When sphenoid is an adjective, it is an anatomical usage, and technical usage at that. One would never apply sphenoid as a multiple, as in its state as a noun, it is strictly singular. One could, alternatively, use ". . .has lots of sphenoid bones".

However, in any case, it is not gradable. One could determine this status (gradable or not) by understanding the definition of the words. In the case of sphenoid the meaning provided is a singular one. It is either one bone, or a single bony structure. On the other hand, for rain, or rainy, we are discussing something with a variable quantity - not an individual raindrop.

Just out of curiosity, I put this to a little test, and asked Google for a random adjective. Google gave me Pyrrhic. Good choice! This describes something singular, the typical example is a Pyrrhic victory, and victory is singular, right? Except, like the rain, whatever the battle was fought with (soldiers, money, whatever) is, like the raindrops that make up the rain, a quantity. Thus, it is gradable, and one could use a very Pyrrhic victory to indicate a higher cost.

While this next may be less useful in consideration of what is gradable, or not, there is a case where very sphenoid could be used. If one was in a discussion of alien anatomy, one could say:

This bone is very sphenoid.

This usage example is comparative, essentially saying the bone structure in discussion is very similar in some way to bones we identify as sphenoid bones. Because sphenoid is singular, it would be the degree of similarity that was quantifiable, and thus gradable. (It is also a very uncomfortable usage, and I would think one would more likely hear This bone is very similar to the sphenoid. This latter would certainly be clearer and more understandable.)

  • 2
    "This bone is very sphenoidal."
    – RonJohn
    Commented Aug 25, 2021 at 4:21
  • @RonJohn Actually, I quite agree that would be a more likely usage. Intending it to be understood as an adjective, rather than a noun, as in my example, has a high likelihood of having a listener just say "Huh? What?" LOL.
    – Mark G B
    Commented Aug 25, 2021 at 10:20

In the Cambridge dictionary, I only see sphenoid listed as a noun. In any case, this is a less technical but hopefully intuitive answer.

Think of "sphenoid" as a name or type rather than a characteristic or word that describes something. One comparison would be the keys on a keyboard. We have the "Escape Key" or the "Enter Key".

It would not make sense to say "this keyboard is very Enter". It certainly would not be understood as "this keyboard has lots of Enter keys".

Likewise, we have "Front Seat" and "Back Seat", but saying "this car is very front" does not make any sense.

However, the phrases "this key is very large" or "this seat is very comfortable" are perfectly understandable, because both "large" and "comfortable" are words that describe something with varying degrees.
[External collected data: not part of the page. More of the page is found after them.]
lemma strict_sup:
  assumes "\<forall>y\<in>M. y < x"
  shows "\<forall>y\<in>M. y < strict_sup M" and "strict_sup M \<le> x" and "cofinal_in M (strict_sup M)"
proof -
  show upper: "\<forall>y\<in>M. y < strict_sup M" unfolding strict_sup_def using assms by (rule LeastI)
  show "strict_sup M \<le> x" unfolding strict_sup_def using assms by (rule Least_le)
  have "\<exists>y\<in>M. z \<le> y" if "z < strict_sup M" for z
    using not_less_Least[OF that[unfolded strict_sup_def]] by (auto simp: not_less)
  then show "cofinal_in M (strict_sup M)" using upper unfolding cofinal_in_def by auto
qed

lemma cofinal_in_uncountable:
  assumes M: "\<not> countable M" "\<forall>y\<in>M. countable (M \<inter> seg y)" "cofinal_in M \<alpha>"
    and B: "cofinal_in B \<alpha>"
  shows "\<not> countable B"
proof
  assume "countable B"
  have "\<exists>y. y \<in> M \<and> b \<le> y" if "b \<in> B" for b
    using M(3) B that cofinal_in_less unfolding cofinal_in_def by blast
  then obtain s where s: "\<And>b. b \<in> B \<Longrightarrow> s b \<in> M \<and> b \<le> s b" by metis
  have "M \<subseteq> (\<Union>b\<in>B. insert (s b) (M \<inter> seg (s b)))"
  proof
    fix y assume "y \<in> M"
    then obtain b where "b \<in> B" "y \<le> b" using B M(3) cofinal_in_less unfolding cofinal_in_def by blast
    then have "y \<le> s b" using s by (meson order_trans)
    then show "y \<in> (\<Union>b\<in>B. insert (s b) (M \<inter> seg (s b)))"
      using \<open>b \<in> B\<close> \<open>y \<in> M\<close> by (auto simp: le_less)
  qed
  moreover have "countable (\<Union>b\<in>B. insert (s b) (M \<inter> seg (s b)))"
    using \<open>countable B\<close> M(2) s by (intro countable_UN) auto
  ultimately show False using M(1) countable_subset by blast
qed

text \<open>A map d \<eta> injective on a cofinal subset of M would embed an uncountable set
  into the countable M \<inter> seg m.\<close>
lemma strict_sup_in_E_eq_minus_A_set:
  assumes M: "M \<approx> seg a1" "\<forall>y\<in>M. countable (M \<inter> seg y)" "\<forall>y\<in>M. y < x"
    and a1: "\<not> countable (seg a1)" "\<And>c. c < a1 \<Longrightarrow> countable (seg c)"
    and d: "\<And>\<eta> \<beta>. \<eta> < w \<Longrightarrow> \<beta> \<in> M \<Longrightarrow> d \<eta> \<beta> \<in> M \<inter> seg m" "countable (M \<inter> seg m)"
    and "x < k"
  shows "strict_sup M \<in> E_eq k a1 - A_set w k d"
proof -
  let ?\<alpha> = "strict_sup M"
  have "\<not> countable M" using M(1) a1(1) countable_eqpoll eqpoll_sym by blast
  have cofinal: "cofinal_in M ?\<alpha>" using strict_sup(3)[OF M(3)] .
  have uncountable: "\<not> countable B" if "cofinal_in B ?\<alpha>" for B
    using cofinal_in_uncountable[OF \<open>\<not> countable M\<close> M(2) cofinal that] .
  obtain y0 where "y0 \<in> M" using \<open>\<not> countable M\<close> by (metis countable_empty ex_in_conv)
  then have "is_limit ?\<alpha>"
    using strict_sup(1)[OF M(3)] uncountable
    by (intro infinite_cofinal_is_limit[of y0]) (auto dest: countable_finite)
  moreover have "cf ?\<alpha> = a1"
  proof (rule antisym)
    show "cf ?\<alpha> \<le> a1" unfolding cf_def by (rule Least_le) (use cofinal M(1) in blast)
    obtain B where "cofinal_in B ?\<alpha>" "B \<approx> seg (cf ?\<alpha>)" using cf_cofinal_eqpoll by blast
    then show "a1 \<le> cf ?\<alpha>" using uncountable a1(2) countable_eqpoll not_le by blast
  qed
  moreover have "?\<alpha> < k" using strict_sup(2)[OF M(3)] \<open>x < k\<close> by simp
  moreover have "?\<alpha> \<notin> A_set w k d"
  proof
    assume "?\<alpha> \<in> A_set w k d"
    then obtain \<eta> B' where "\<eta> < w" "B' \<subseteq> M" "cofinal_in B' ?\<alpha>" "inj_on (d \<eta>) B'"
      using cofinal unfolding A_set_def by blast
    moreover have "d \<eta> ` B' \<subseteq> M \<inter> seg m" using d(1) \<open>\<eta> < w\<close> \<open>B' \<subseteq> M\<close> by blast
    then have "countable (d \<eta> ` B')" using d(2) countable_subset by blast
    ultimately show False using countable_image_inj_on uncountable by blast
  qed
  ultimately show ?thesis unfolding E_eq_def by blast
qed
(* Let $1\le p_1,p_2\le\infty$, $p_3\ge1$, $\phi\in L^1(\mathbb R)$ and $M\in\tilde{\mathcal M}_{(p_1,p_2,p_3)}(\mathbb R)$. Then $m(\xi,\eta)=M(\xi-\eta)\hat\phi(\xi+\eta)$ belongs to $\mathcal{BM}_{(p_1,p_2,p_3)}(\mathbb R)$ and $\|m\|_{p_1,p_2,p_3}\le\|\phi\|_1\|M\|_{p_1,p_2,p_3}$.
   Context: The Fourier transform is $\hat f(\xi)=\int_{\mathbb R}f(x)e^{-2\pi i x\xi}dx$. $\mathcal P(\mathbb R)$ denotes the set of Schwartz functions on $\mathbb R$ whose Fourier transform is continuous with compact support. For $1\le p_1,p_2\le\infty$, $0<p_3\le\infty$ and $m\in L^1_{loc}(\mathbb R^2)$, set, for $f,g\in\mathcal P(\mathbb R)$, $B_m(f,g)(x)=\int_{\mathbb R}\int_{\mathbb R}\hat f(\xi)\hat g(\eta)m(\xi,\eta)e^{2\pi i(\xi+\eta)x}d\xi\,d\eta$; $m\in\mathcal{BM}_{(p_1,p_2,p_3)}(\mathbb R)$ means $\|B_m(f,g)\|_{p_3}\le C\|f\|_{p_1}\|g\|_{p_2}$ for some $C$ and all $f,g\in\mathcal P(\mathbb R)$, and $\|m\|_{p_1,p_2,p_3}$ is the smallest such $C$. $\tilde{\mathcal M}_{(p_1,p_2,p_3)}(\mathbb R)$ is the set of measurable (locally integrable) $M:\mathbb R\to\mathbb C$ such that $(\xi,\eta)\mapsto M(\xi-\eta)$ belongs to $\mathcal{BM}_{(p_1,p_2,p_3)}(\mathbb R)$, and $\|M\|_{p_1,p_2,p_3}$ is the corresponding norm. *)

theory Defs
  imports "HOL-Analysis.Analysis"
begin

definition fourier :: "(real \<Rightarrow> complex) \<Rightarrow> real \<Rightarrow> complex" where
  "fourier f \<xi> = (LINT x|lebesgue. f x * cis (- 2 * pi * x * \<xi>))"

definition schwartz :: "(real \<Rightarrow> complex) \<Rightarrow> bool" where
  "schwartz f \<longleftrightarrow> (\<exists>D :: nat \<Rightarrow> real \<Rightarrow> complex.
      D 0 = f \<and>
      (\<forall>k x. (D k has_vector_derivative D (Suc k) x) (at x)) \<and>
      (\<forall>j k. bounded (range (\<lambda>x. complex_of_real (x ^ j) * D k x))))"

definition classP :: "(real \<Rightarrow> complex) set" where
  "classP = {f. schwartz f \<and> continuous_on UNIV (fourier f) \<and>
                 compact (closure {\<xi>. fourier f \<xi> \<noteq> 0})}"

definition Lp_norm :: "ennreal \<Rightarrow> (real \<Rightarrow> complex) \<Rightarrow> ennreal" where
  "Lp_norm p f =
     (if p = \<infinity> then Inf {C. AE x in lebesgue. ennreal (norm (f x)) \<le> C}
      else (let I = (\<integral>\<^sup>+ x. ennreal (norm (f x) powr enn2real p) \<partial>lebesgue)
            in if I = \<infinity> then \<infinity> else ennreal (enn2real I powr (1 / enn2real p))))"

definition loc_int1 :: "(real \<Rightarrow> complex) \<Rightarrow> bool" where
  "loc_int1 M \<longleftrightarrow> M \<in> borel_measurable lebesgue \<and>
     (\<forall>K. compact K \<longrightarrow> set_integrable lebesgue K M)"

definition loc_int2 :: "(real \<times> real \<Rightarrow> complex) \<Rightarrow> bool" where
  "loc_int2 m \<longleftrightarrow> m \<in> borel_measurable lebesgue \<and>
     (\<forall>K. compact K \<longrightarrow> set_integrable lebesgue K m)"

definition bilin_op :: "(real \<times> real \<Rightarrow> complex) \<Rightarrow> (real \<Rightarrow> complex) \<Rightarrow> (real \<Rightarrow> complex)
    \<Rightarrow> real \<Rightarrow> complex" where
  "bilin_op m f g x = (LINT \<eta>|lebesgue. LINT \<xi>|lebesgue.
      fourier f \<xi> * fourier g \<eta> * m (\<xi>, \<eta>) * cis (2 * pi * (\<xi> + \<eta>) * x))"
In other words, you could ask, "how large?" or "how comfortable?" and you could reply with something like "larger than the other seat".

To expand on this further, the sentence has to make sense without very. For example, "this key is large" or "this seat is comfortable" both make sense. However, "this keyboard is Enter" does not make sense.

Going back to the quoted definition of sphenoid:

Sphenoid: of, relating to, or being a winged compound bone of the base of the cranium

This is essentially saying that this "adjective" is meant to be applied to a bone (ignoring "relating to"). So if you say "this alien is sphenoid", if it made sense, it would imply that the alien is a bone of type sphenoid. Not that the alien has a sphenoid bone. Therefore, "this alien is very sphenoid" cannot mean that the alien has lots of sphenoid bones.